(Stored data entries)
════════════════

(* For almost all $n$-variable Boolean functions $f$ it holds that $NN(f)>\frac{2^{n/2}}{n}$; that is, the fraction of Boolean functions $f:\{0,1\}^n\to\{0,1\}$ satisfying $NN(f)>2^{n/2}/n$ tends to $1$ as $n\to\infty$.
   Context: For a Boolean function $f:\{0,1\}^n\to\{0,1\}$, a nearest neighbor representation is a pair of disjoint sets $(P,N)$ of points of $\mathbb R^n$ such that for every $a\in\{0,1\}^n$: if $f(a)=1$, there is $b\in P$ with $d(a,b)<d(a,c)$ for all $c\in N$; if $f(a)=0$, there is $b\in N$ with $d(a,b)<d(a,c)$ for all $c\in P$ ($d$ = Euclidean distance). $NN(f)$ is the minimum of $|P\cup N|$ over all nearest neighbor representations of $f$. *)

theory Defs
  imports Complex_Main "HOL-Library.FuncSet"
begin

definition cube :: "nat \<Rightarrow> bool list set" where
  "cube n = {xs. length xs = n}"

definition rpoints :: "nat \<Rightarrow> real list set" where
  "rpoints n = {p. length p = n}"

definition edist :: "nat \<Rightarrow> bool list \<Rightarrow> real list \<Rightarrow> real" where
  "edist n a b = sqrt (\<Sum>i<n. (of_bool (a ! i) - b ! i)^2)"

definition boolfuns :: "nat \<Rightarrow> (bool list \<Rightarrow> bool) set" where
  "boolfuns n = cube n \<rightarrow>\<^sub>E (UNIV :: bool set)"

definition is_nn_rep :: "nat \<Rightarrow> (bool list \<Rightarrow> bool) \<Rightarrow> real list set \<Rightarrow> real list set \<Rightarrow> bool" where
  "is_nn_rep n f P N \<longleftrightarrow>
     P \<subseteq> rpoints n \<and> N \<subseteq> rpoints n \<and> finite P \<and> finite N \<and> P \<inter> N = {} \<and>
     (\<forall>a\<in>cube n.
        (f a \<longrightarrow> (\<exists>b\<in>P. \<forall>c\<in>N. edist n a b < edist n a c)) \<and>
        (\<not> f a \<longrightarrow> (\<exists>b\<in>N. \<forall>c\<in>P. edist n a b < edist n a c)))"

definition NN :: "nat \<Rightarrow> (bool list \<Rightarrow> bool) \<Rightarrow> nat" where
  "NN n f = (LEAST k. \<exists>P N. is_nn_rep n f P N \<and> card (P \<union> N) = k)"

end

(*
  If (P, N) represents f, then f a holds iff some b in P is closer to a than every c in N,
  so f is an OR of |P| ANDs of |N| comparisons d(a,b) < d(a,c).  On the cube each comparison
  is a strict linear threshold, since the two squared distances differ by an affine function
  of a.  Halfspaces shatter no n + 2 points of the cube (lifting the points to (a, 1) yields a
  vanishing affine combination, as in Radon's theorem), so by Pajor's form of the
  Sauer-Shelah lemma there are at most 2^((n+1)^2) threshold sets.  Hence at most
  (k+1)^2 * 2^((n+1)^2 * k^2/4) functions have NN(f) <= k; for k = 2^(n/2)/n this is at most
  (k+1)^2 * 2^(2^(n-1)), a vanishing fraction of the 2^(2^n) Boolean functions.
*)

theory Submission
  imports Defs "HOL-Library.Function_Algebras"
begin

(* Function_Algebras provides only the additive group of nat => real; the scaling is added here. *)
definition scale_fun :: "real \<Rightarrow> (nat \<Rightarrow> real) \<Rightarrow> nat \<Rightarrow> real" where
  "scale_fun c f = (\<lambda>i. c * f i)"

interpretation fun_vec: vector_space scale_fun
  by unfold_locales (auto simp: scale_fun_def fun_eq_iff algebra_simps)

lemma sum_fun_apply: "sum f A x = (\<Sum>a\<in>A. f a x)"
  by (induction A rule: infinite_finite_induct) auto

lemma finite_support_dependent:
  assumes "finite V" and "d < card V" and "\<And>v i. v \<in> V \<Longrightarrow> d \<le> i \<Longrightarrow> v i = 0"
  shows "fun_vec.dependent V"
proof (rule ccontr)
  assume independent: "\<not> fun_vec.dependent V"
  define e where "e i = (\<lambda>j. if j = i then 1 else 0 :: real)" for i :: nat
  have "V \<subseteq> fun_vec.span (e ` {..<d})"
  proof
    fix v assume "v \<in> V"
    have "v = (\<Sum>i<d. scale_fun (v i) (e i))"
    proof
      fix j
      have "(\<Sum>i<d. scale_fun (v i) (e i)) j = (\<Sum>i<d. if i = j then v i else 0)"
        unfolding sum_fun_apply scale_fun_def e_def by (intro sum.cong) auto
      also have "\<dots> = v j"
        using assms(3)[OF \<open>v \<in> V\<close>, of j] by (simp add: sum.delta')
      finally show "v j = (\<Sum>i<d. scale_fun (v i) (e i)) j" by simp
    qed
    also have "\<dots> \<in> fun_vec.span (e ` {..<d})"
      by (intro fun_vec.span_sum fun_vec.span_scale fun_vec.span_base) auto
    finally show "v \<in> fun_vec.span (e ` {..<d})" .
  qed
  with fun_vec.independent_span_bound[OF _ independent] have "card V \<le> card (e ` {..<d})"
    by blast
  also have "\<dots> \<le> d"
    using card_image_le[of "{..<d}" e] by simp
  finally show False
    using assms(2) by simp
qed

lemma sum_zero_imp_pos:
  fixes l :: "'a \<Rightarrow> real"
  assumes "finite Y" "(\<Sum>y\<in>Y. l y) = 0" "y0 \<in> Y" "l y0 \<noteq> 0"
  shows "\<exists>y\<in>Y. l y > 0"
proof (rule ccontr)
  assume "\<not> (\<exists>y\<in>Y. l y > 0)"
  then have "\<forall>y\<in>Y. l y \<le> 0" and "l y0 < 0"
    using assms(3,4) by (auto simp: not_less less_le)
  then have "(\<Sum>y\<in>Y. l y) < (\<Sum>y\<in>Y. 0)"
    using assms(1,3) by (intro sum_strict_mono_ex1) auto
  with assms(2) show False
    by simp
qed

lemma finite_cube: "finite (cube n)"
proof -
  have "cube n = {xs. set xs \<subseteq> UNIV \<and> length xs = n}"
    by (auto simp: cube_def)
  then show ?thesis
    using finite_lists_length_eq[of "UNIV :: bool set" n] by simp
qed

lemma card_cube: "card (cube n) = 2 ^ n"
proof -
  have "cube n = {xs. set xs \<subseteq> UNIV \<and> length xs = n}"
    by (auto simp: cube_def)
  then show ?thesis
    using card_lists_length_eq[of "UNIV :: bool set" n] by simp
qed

════════════════

THE TASK → Each record above needs to be given again exactly as written.

RESULT FOR THIS EXERCISE →
(* For almost all $n$-variable Boolean functions $f$ it holds that $NN(f)>\frac{2^{n/2}}{n}$; that is, the fraction of Boolean functions $f:\{0,1\}^n\to\{0,1\}$ satisfying $NN(f)>2^{n/2}/n$ tends to $1$ as $n\to\infty$.
   Context: For a Boolean function $f:\{0,1\}^n\to\{0,1\}$, a nearest neighbor representation is a pair of disjoint sets $(P,N)$ of points of $\mathbb R^n$ such that for every $a\in\{0,1\}^n$: if $f(a)=1$, there is $b\in P$ with $d(a,b)<d(a,c)$ for all $c\in N$; if $f(a)=0$, there is $b\in N$ with $d(a,b)<d(a,c)$ for all $c\in P$ ($d$ = Euclidean distance). $NN(f)$ is the minimum of $|P\cup N|$ over all nearest neighbor representations of $f$. *)

theory Defs
  imports Complex_Main "HOL-Library.FuncSet"
begin

definition cube :: "nat \<Rightarrow> bool list set" where
  "cube n = {xs. length xs = n}"

definition rpoints :: "nat \<Rightarrow> real list set" where
  "rpoints n = {p. length p = n}"

definition edist :: "nat \<Rightarrow> bool list \<Rightarrow> real list \<Rightarrow> real" where
  "edist n a b = sqrt (\<Sum>i<n. (of_bool (a ! i) - b ! i)^2)"

definition boolfuns :: "nat \<Rightarrow> (bool list \<Rightarrow> bool) set" where
  "boolfuns n = cube n \<rightarrow>\<^sub>E (UNIV :: bool set)"

definition is_nn_rep :: "nat \<Rightarrow> (bool list \<Rightarrow> bool) \<Rightarrow> real list set \<Rightarrow> real list set \<Rightarrow> bool" where
  "is_nn_rep n f P N \<longleftrightarrow>
     P \<subseteq> rpoints n \<and> N \<subseteq> rpoints n \<and> finite P \<and> finite N \<and> P \<inter> N = {} \<and>
     (\<forall>a\<in>cube n.
        (f a \<longrightarrow> (\<exists>b\<in>P. \<forall>c\<in>N. edist n a b < edist n a c)) \<and>
        (\<not> f a \<longrightarrow> (\<exists>b\<in>N. \<forall>c\<in>P. edist n a b < edist n a c)))"

definition NN :: "nat \<Rightarrow> (bool list \<Rightarrow> bool) \<Rightarrow> nat" where
  "NN n f = (LEAST k. \<exists>P N. is_nn_rep n f P N \<and> card (P \<union> N) = k)"

end

(*
  If (P, N) represents f, then f a holds iff some b in P is closer to a than every c in N,
  so f is an OR of |P| ANDs of |N| comparisons d(a,b) < d(a,c).  On the cube each comparison
  is a strict linear threshold, since the two squared distances differ by an affine function
  of a.  Halfspaces shatter no n + 2 points of the cube (lifting the points to (a, 1) yields a
  vanishing affine combination, as in Radon's theorem), so by Pajor's form of the
  Sauer-Shelah lemma there are at most 2^((n+1)^2) threshold sets.  Hence at most
  (k+1)^2 * 2^((n+1)^2 * k^2/4) functions have NN(f) <= k; for k = 2^(n/2)/n this is at most
  (k+1)^2 * 2^(2^(n-1)), a vanishing fraction of the 2^(2^n) Boolean functions.
*)

theory Submission
  imports Defs "HOL-Library.Function_Algebras"
begin

(* Function_Algebras provides only the additive group of nat => real; the scaling is added here. *)
definition scale_fun :: "real \<Rightarrow> (nat \<Rightarrow> real) \<Rightarrow> nat \<Rightarrow> real" where
  "scale_fun c f = (\<lambda>i. c * f i)"

interpretation fun_vec: vector_space scale_fun
  by unfold_locales (auto simp: scale_fun_def fun_eq_iff algebra_simps)

lemma sum_fun_apply: "sum f A x = (\<Sum>a\<in>A. f a x)"
  by (induction A rule: infinite_finite_induct) auto

lemma finite_support_dependent:
  assumes "finite V" and "d < card V" and "\<And>v i. v \<in> V \<Longrightarrow> d \<le> i \<Longrightarrow> v i = 0"
  shows "fun_vec.dependent V"
proof (rule ccontr)
  assume independent: "\<not> fun_vec.dependent V"
  define e where "e i = (\<lambda>j. if j = i then 1 else 0 :: real)" for i :: nat
  have "V \<subseteq> fun_vec.span (e ` {..<d})"
  proof
    fix v assume "v \<in> V"
    have "v = (\<Sum>i<d. scale_fun (v i) (e i))"
    proof
      fix j
      have "(\<Sum>i<d. scale_fun (v i) (e i)) j = (\<Sum>i<d. if i = j then v i else 0)"
        unfolding sum_fun_apply scale_fun_def e_def by (intro sum.cong) auto
      also have "\<dots> = v j"
        using assms(3)[OF \<open>v \<in> V\<close>, of j] by (simp add: sum.delta')
      finally show "v j = (\<Sum>i<d. scale_fun (v i) (e i)) j" by simp
    qed
    also have "\<dots> \<in> fun_vec.span (e ` {..<d})"
      by (intro fun_vec.span_sum fun_vec.span_scale fun_vec.span_base) auto
    finally show "v \<in> fun_vec.span (e ` {..<d})" .
  qed
  with fun_vec.independent_span_bound[OF _ independent] have "card V \<le> card (e ` {..<d})"
    by blast
  also have "\<dots> \<le> d"
    using card_image_le[of "{..<d}" e] by simp
  finally show False
    using assms(2) by simp
qed

lemma sum_zero_imp_pos:
  fixes l :: "'a \<Rightarrow> real"
  assumes "finite Y" "(\<Sum>y\<in>Y. l y) = 0" "y0 \<in> Y" "l y0 \<noteq> 0"
  shows "\<exists>y\<in>Y. l y > 0"
proof (rule ccontr)
  assume "\<not> (\<exists>y\<in>Y. l y > 0)"
  then have "\<forall>y\<in>Y. l y \<le> 0" and "l y0 < 0"
    using assms(3,4) by (auto simp: not_less less_le)
  then have "(\<Sum>y\<in>Y. l y) < (\<Sum>y\<in>Y. 0)"
    using assms(1,3) by (intro sum_strict_mono_ex1) auto
  with assms(2) show False
    by simp
qed

lemma finite_cube: "finite (cube n)"
proof -
  have "cube n = {xs. set xs \<subseteq> UNIV \<and> length xs = n}"
    by (auto simp: cube_def)
  then show ?thesis
    using finite_lists_length_eq[of "UNIV :: bool set" n] by simp
qed

lemma card_cube: "card (cube n) = 2 ^ n"
proof -
  have "cube n = {xs. set xs \<subseteq> UNIV \<and> length xs = n}"
    by (auto simp: cube_def)
  then show ?thesis
    using card_lists_length_eq[of "UNIV :: bool set" n] by simp
qed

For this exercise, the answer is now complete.